(WHAT YOU HAVE TO DO): From the first line of the records down to the one that holds "by (rule reach_run_trans)", transcribe each line exactly and add nothing.

(ENTRIES PROVIDED):

lemma progress_within_length_bound:
  defines "s \<equiv> card comp_Q"
  defines "K \<equiv> 1 + s * norm_net P T + norm_config P \<rho>" and "c \<equiv> norm_net P T * s"
  assumes "U \<subseteq> P - Q" "reach T \<rho> \<alpha>" "\<forall>p\<in>P - Q - U. threshold K c (card U) \<le> \<alpha> p"
  shows "progress_within \<alpha> (length_bound s K c (card U))"
  using assms(4-6)
proof (induction "card U" arbitrary: U \<alpha>)
  case 0
  then have "U = {}" using finite_P finite_subset by (metis card_0_eq finite_Diff)
  with 0 show ?case
    using pumping_run[of \<alpha>] by (auto simp: length_bound_def s_def K_def)
next
  case (Suc j)
  let ?h = "threshold K c j" and ?n = "s * threshold K c j ^ card U"
  have bound_Suc: "length_bound s K c (card U) = ?n + length_bound s K c j"
    using Suc.hyps(2)[symmetric] by (simp add: length_bound_Suc)
  have "U \<noteq> {}" using Suc.hyps(2) by auto
  moreover have "\<forall>p\<in>P - Q - U. ?h + norm_net P T * ?n \<le> \<alpha> p"
    using Suc.prems(3) Suc.hyps(2)[symmetric] by (simp add: c_def mult.assoc)
  ultimately obtain \<sigma> \<alpha>' where \<sigma>: "set \<sigma> \<subseteq> T" "length \<sigma> \<le> ?n" "run \<sigma> \<alpha> \<alpha>'"
    and next_: "enters_larger_bottom \<alpha>' ?n \<or> (\<exists>p\<^sub>0\<in>U. \<forall>p\<in>P - Q - (U - {p\<^sub>0}). ?h \<le> \<alpha>' p)"
    using larger_bottom_or_raised_place[OF Suc.prems(1) _ Suc.prems(2)] unfolding s_def by blast
  from next_ show ?case
  proof
    assume "enters_larger_bottom \<alpha>' ?n"
    with \<sigma> have "progress_within \<alpha> ?n" unfolding progress_within_def by blast
    then show ?thesis using bound_Suc progress_within_mono by simp
  next
    assume "\<exists>p\<^sub>0\<in>U. \<forall>p\<in>P - Q - (U - {p\<^sub>0}). ?h \<le> \<alpha>' p"
    then obtain p\<^sub>0 where "p\<^sub>0 \<in> U" "\<forall>p\<in>P - Q - (U - {p\<^sub>0}). ?h \<le> \<alpha>' p" by blast
    moreover have "reach T \<rho> \<alpha>'" using Suc.prems(2) \<sigma>(1,3) by (rule reach_run_trans)
    moreover have "card (U - {p\<^sub>0}) = j" using Suc.hyps(2) \<open>p\<^sub>0 \<in> U\<close> by simp
    ultimately have "progress_within \<alpha>' (length_bound s K c j)"
      using Suc.hyps(1)[of "U - {p\<^sub>0}" \<alpha>'] Suc.prems(1) by auto
    then have "progress_within \<alpha> (length \<sigma> + length_bound s K c j)"
      by (rule progress_within_run[OF \<sigma>(1,3)])
    then show ?thesis using \<sigma>(2) bound_Suc progress_within_mono by simp
  qed
qed

end


theorem lemma6p2:
  fixes P Q :: "'p set" and T :: "'p trans set" and \<rho> :: "'p config"
  assumes "finite P"
    and "is_net P T"
    and "is_config P \<rho>"
    and "Q \<subseteq> P"
    and "bottom (restr_net Q T) (restr Q \<rho>)"
  defines "s \<equiv> card (component (restr_net Q T) (restr Q \<rho>))"
    and "d \<equiv> card (P - Q)"
  defines "B \<equiv> (1 + d * (1 + s * norm_net P T + norm_config P \<rho>) ^ (d ^ d)) * s"
  shows "\<exists>\<sigma> \<rho>'. set \<sigma> \<subseteq> T \<and> length \<sigma> \<le> B \<and> run \<sigma> \<rho> \<rho>' \<and>
           ((restr Q \<rho>' = restr Q \<rho> \<and> (\<forall>p\<in>P - Q. \<rho>' p > \<rho> p)) \<or>
            (\<exists>Q'. Q \<subset> Q' \<and> Q' \<subseteq> P \<and> bottom (restr_net Q' T) (restr Q' \<rho>') \<and>
                  card (component (restr_net Q' T) (restr Q' \<rho>')) \<le> B))"
proof -
  interpret bottom_restriction P Q T \<rho>
    using assms(1,2,4,5) by unfold_locales
  define K where "K = 1 + s * norm_net P T + norm_config P \<rho>"
  define c where "c = norm_net P T * s"
  have "progress_within \<rho> (length_bound s K c d)"
    using progress_within_length_bound[of "P - Q", OF _ reach_refl] unfolding s_def K_def c_def d_def
    by simp
  moreover have "length_bound s K c d \<le> B"
    unfolding B_def K_def[symmetric] by (rule length_bound_le) (simp add: K_def c_def)
  ultimately have "progress_within \<rho> B" by (rule progress_within_mono)
  then show ?thesis unfolding progress_within_def pumped_def enters_larger_bottom_def .
qed

end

(RESULT FOR THIS TASK):
lemma progress_within_length_bound:
  defines "s \<equiv> card comp_Q"
  defines "K \<equiv> 1 + s * norm_net P T + norm_config P \<rho>" and "c \<equiv> norm_net P T * s"
  assumes "U \<subseteq> P - Q" "reach T \<rho> \<alpha>" "\<forall>p\<in>P - Q - U. threshold K c (card U) \<le> \<alpha> p"
  shows "progress_within \<alpha> (length_bound s K c (card U))"
  using assms(4-6)
proof (induction "card U" arbitrary: U \<alpha>)
  case 0
  then have "U = {}" using finite_P finite_subset by (metis card_0_eq finite_Diff)
  with 0 show ?case
    using pumping_run[of \<alpha>] by (auto simp: length_bound_def s_def K_def)
next
  case (Suc j)
  let ?h = "threshold K c j" and ?n = "s * threshold K c j ^ card U"
  have bound_Suc: "length_bound s K c (card U) = ?n + length_bound s K c j"
    using Suc.hyps(2)[symmetric] by (simp add: length_bound_Suc)
  have "U \<noteq> {}" using Suc.hyps(2) by auto
  moreover have "\<forall>p\<in>P - Q - U. ?h + norm_net P T * ?n \<le> \<alpha> p"
    using Suc.prems(3) Suc.hyps(2)[symmetric] by (simp add: c_def mult.assoc)
  ultimately obtain \<sigma> \<alpha>' where \<sigma>: "set \<sigma> \<subseteq> T" "length \<sigma> \<le> ?n" "run \<sigma> \<alpha> \<alpha>'"
    and next_: "enters_larger_bottom \<alpha>' ?n \<or> (\<exists>p\<^sub>0\<in>U. \<forall>p\<in>P - Q - (U - {p\<^sub>0}). ?h \<le> \<alpha>' p)"
    using larger_bottom_or_raised_place[OF Suc.prems(1) _ Suc.prems(2)] unfolding s_def by blast
  from next_ show ?case
  proof
    assume "enters_larger_bottom \<alpha>' ?n"
    with \<sigma> have "progress_within \<alpha> ?n" unfolding progress_within_def by blast
    then show ?thesis using bound_Suc progress_within_mono by simp
  next
    assume "\<exists>p\<^sub>0\<in>U. \<forall>p\<in>P - Q - (U - {p\<^sub>0}). ?h \<le> \<alpha>' p"
    then obtain p\<^sub>0 where "p\<^sub>0 \<in> U" "\<forall>p\<in>P - Q - (U - {p\<^sub>0}). ?h \<le> \<alpha>' p" by blast
    moreover have "reach T \<rho> \<alpha>'" using Suc.prems(2) \<sigma>(1,3) by (rule reach_run_trans)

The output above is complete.